GOVERNMENT officials are working with members of Jersey’s fishing fleet to gain a better understanding of the abundance of octopuses being reported in the Island’s waters.
With a boom in the numbers of octopus throughout the English Channel and reports of sea temperatures above average levels, the Island’s head of marine resources said Environment Minister Steve Luce was “keeping a very keen eye”on the issue.
The importance being placed at government level aligns with calls, as the JEP reported last week, for Island restaurants to include octopus on their menus and for consumers to widen their repertoires beyond conventional fish and shellfish dishes.
Francis Binney, head of marine resources, said octopuses had proliferated in Channel Island water until the very cold winter of 1962/63, when numbers were wiped out as a result of freezing temperatures.

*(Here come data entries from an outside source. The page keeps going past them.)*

lemma H10D:
  assumes "f \<in> H10"
  shows "L2_01 (H_deriv f)" "\<And>t. t \<in> {0..1} \<Longrightarrow> f t = integral {0..t} (H_deriv f)"
    "\<And>t. t \<notin> {0..1} \<Longrightarrow> f t = 0"
proof -
  from assms obtain g where "L2_01 g \<and> (\<forall>t\<in>{0..1}. f t = integral {0..t} g)"
    unfolding H10_def by blast
  then have "L2_01 (H_deriv f) \<and> (\<forall>t\<in>{0..1}. f t = integral {0..t} (H_deriv f))"
    unfolding H_deriv_def
    by (rule someI[where P="\<lambda>g. L2_01 g \<and> (\<forall>t\<in>{0..1}. f t = integral {0..t} g)"])
  then show "L2_01 (H_deriv f)" "\<And>t. t \<in> {0..1} \<Longrightarrow> f t = integral {0..t} (H_deriv f)"
    by auto
  show "\<And>t. t \<notin> {0..1} \<Longrightarrow> f t = 0" using assms unfolding H10_def by blast
qed

lemma H10_zero: "f \<in> H10 \<Longrightarrow> f 0 = 0"
  using H10D(2)[of f 0] by simp

lemma H10_increment:
  assumes "f \<in> H10" "0 \<le> s" "s \<le> t" "t \<le> 1"
  shows "f t - f s = integral {s..t} (H_deriv f)"
  using integral_Icc_diff[of "H_deriv f" 0 t s]
    L2_01_subinterval(2)[OF H10D(1)[OF assms(1)], of 0 t]
    H10D(2)[OF assms(1)] assms
  by simp

lemma H10_diff:
  assumes "f1 \<in> H10" "f2 \<in> H10"
  shows "(\<lambda>t. f1 t - f2 t) \<in> H10"
proof (rule H10I)
  show "L2_01 (\<lambda>x. H_deriv f1 x - H_deriv f2 x)"
    using H10D(1) assms by (intro L2_01_diff) auto
  fix t
  show "t \<in> {0..1} \<Longrightarrow> f1 t - f2 t = integral {0..t} (\<lambda>x. H_deriv f1 x - H_deriv f2 x)"
    using H10D(1) H10D(2)[OF assms(1), of t] H10D(2)[OF assms(2), of t] assms
    by (subst integral_diff) (auto intro: L2_01_subinterval)
  show "t \<notin> {0..1} \<Longrightarrow> f1 t - f2 t = 0" using H10D(3)[OF assms(1)] H10D(3)[OF assms(2)] by simp
qed

lemma H_norm_nonneg: "0 \<le> H_norm f"
proof -
  have "0 \<le> integral {0..1} (\<lambda>s. (norm (H_deriv f s))\<^sup>2)"
    by (cases "(\<lambda>s. (norm (H_deriv f s))\<^sup>2) integrable_on {0..1}")
      (auto intro: integral_nonneg simp: not_integrable_integral)
  then show ?thesis unfolding H_norm_def by simp
qed

definition grid :: "nat \<Rightarrow> nat \<Rightarrow> real" where
  "grid n i = real i / real n"

abbreviation cell :: "nat \<Rightarrow> nat \<Rightarrow> real set" where
  "cell n i \<equiv> {grid n i..grid n (Suc i)}"

lemma grid_0 [simp]: "grid n 0 = 0"
  by (simp add: grid_def)

lemma grid_self: "0 < n \<Longrightarrow> grid n n = 1"
  by (simp add: grid_def)

lemma grid_Suc_diff: "0 < n \<Longrightarrow> grid n (Suc i) - grid n i = 1 / real n"
  by (simp add: grid_def field_simps)

lemma grid_less_Suc: "0 < n \<Longrightarrow> grid n i < grid n (Suc i)"
  by (simp add: grid_def divide_strict_right_mono)

lemma grid_mono: "i \<le> j \<Longrightarrow> grid n i \<le> grid n j"
  by (simp add: grid_def divide_right_mono)

lemma grid_nonneg: "0 \<le> grid n i"
  by (simp add: grid_def)

lemma grid_le_1: "j \<le> n \<Longrightarrow> grid n j \<le> 1"
  by (cases "n = 0") (auto simp: grid_def divide_le_eq_1)

lemma cell_subset_unit_interval: "j < n \<Longrightarrow> cell n j \<subseteq> {0..1}"
  using grid_nonneg[of n j] grid_le_1[of "Suc j" n] by auto

lemma cell_cover:
  assumes n: "0 < n" and t: "t \<in> {0..1}"
  obtains i where "i < n" "t \<in> cell n i"
proof (cases "t = 1")
  case True
  with n show ?thesis
    using that[of "n - 1"] by (auto simp: grid_def field_simps of_nat_diff)
next
  case False
  define i where "i = nat \<lfloor>t * n\<rfloor>"
  have "t * n < n" using t False n by (simp add: mult_less_cancel_right1)
  then have "i < n" using t unfolding i_def by (simp add: nat_less_iff floor_less_iff)
  moreover have "real i = of_int \<lfloor>t * n\<rfloor>" using t unfolding i_def by simp
  then have "real i \<le> t * n" "t * n \<le> real i + 1"
    using floor_correct[of "t * real n"] by linarith+
  ultimately show ?thesis
    using n that[of i] by (auto simp: grid_def field_simps)
qed

lemma Hn_iff: "f \<in> Hn n \<longleftrightarrow> f \<in> H10 \<and> (\<forall>i<n. \<exists>a b. \<forall>t\<in>cell n i. f t = a + t *\<^sub>R b)"
  unfolding Hn_def grid_def by simp

lemma Hn_piecewise_affineE:
  assumes "k \<in> Hn n"
  obtains A B where "\<And>i t. i < n \<Longrightarrow> t \<in> cell n i \<Longrightarrow> k t = A i + t *\<^sub>R B i"
proof -
  have "\<forall>i. \<exists>ab. i < n \<longrightarrow> (\<forall>t\<in>cell n i. k t = fst ab + t *\<^sub>R snd ab)"
    using assms unfolding Hn_iff by auto
  then obtain ab where "\<And>i. i < n \<longrightarrow> (\<forall>t\<in>cell n i. k t = fst (ab i) + t *\<^sub>R snd (ab i))"
    by metis
  then show ?thesis using that[of "\<lambda>i. fst (ab i)" "\<lambda>i. snd (ab i)"] by blast
qed

lemma Hn_diff:
  assumes f: "f \<in> Hn n" and g: "g \<in> Hn n"
  shows "(\<lambda>t. f t - g t) \<in> Hn n"
proof -
  obtain A1 B1 where f_aff: "\<And>i t. i < n \<Longrightarrow> t \<in> cell n i \<Longrightarrow> f t = A1 i + t *\<^sub>R B1 i"
    using Hn_piecewise_affineE[OF f] by blast
  obtain A2 B2 where g_aff: "\<And>i t. i < n \<Longrightarrow> t \<in> cell n i \<Longrightarrow> g t = A2 i + t *\<^sub>R B2 i"
    using Hn_piecewise_affineE[OF g] by blast
  have "\<exists>a b. \<forall>t\<in>cell n i. f t - g t = a + t *\<^sub>R b" if "i < n" for i
    using f_aff[OF that] g_aff[OF that]
    by (intro exI[of _ "A1 i - A2 i"] exI[of _ "B1 i - B2 i"]) (auto simp: algebra_simps)
  moreover have "(\<lambda>t. f t - g t) \<in> H10" using f g by (intro H10_diff) (simp_all add: Hn_iff)
  ultimately show ?thesis by (simp add: Hn_iff)
qed

lemma increment_affine_on_cell:
  fixes d :: "real \<Rightarrow> 'a::real_vector"
  assumes n: "0 < n" and aff: "\<And>t. t \<in> cell n i \<Longrightarrow> d t = A + t *\<^sub>R B"
  shows "d (grid n (Suc i)) - d (grid n i) = B /\<^sub>R real n"
proof -
  have "d (grid n (Suc i)) - d (grid n i) = (grid n (Suc i) - grid n i) *\<^sub>R B"
    using aff[of "grid n i"] aff[of "grid n (Suc i)"] grid_mono[of i "Suc i" n]
    by (simp add: scaleR_diff_left)
  then show ?thesis using grid_Suc_diff[OF n, of i] by (simp add: inverse_eq_divide)
qed

text \<open>Adjacent cells share an endpoint, so at an interior grid point both values are added up;
  this is irrelevant for integrals.\<close>
definition grid_step :: "nat \<Rightarrow> (nat \<Rightarrow> 'b::real_normed_vector) \<Rightarrow> real \<Rightarrow> 'b" where
  "grid_step n c x = (\<Sum>j<n. if x \<in> cell n j then c j else 0)"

“The numbers have built back up gradually, starting in the Bay of Biscay and then around the Brest Peninsula since 2017 or 2018 and then up the Channel,” he said. “The warmer sea temperatures have allowed for a real boom, although less so in Jersey than on the south coast of England.”
Data from the UK Met Office has revealed a “marine heatwave”, with sea temperature readings along the entire west coast of the UK about 2.5°C above average, and up to 4°C in parts of Devon and Cornwall.
Jersey’s Met Office said the local data was less extreme, but that the sea temperature had been above average every month since the start of 2022 and that the provisional indication for May indicated a temperature just over 1°C above the long-term average mark of 12.4°C.

Mr Binney said that whereas sea temperatures in winter had formerly been too cold for octopuses to survive in the waters off the south coast of England, the species is now more likely to be able to survive tear-round.
He said Jersey was working together with UK scientists and as part of the cephalopod working group formed by the International Council for the Exploration of the Sea, as well as carrying out local monitoring.
One boat in the Jersey fleet was utilising new pots in order to help track octopus numbers, he added, with additional data coming from other boats.
“It is a developing situation ,” he said. “The Environment Minister has been keeping a very close eye on this and has tasked Marine Resorces with focusing on it to ensure the livelihoods of fishers can be protected from changes that octopuses may bring.”
It is anticipated that a report will be presented to a meeting of the Fisheries and Marine Resources Panel later this year.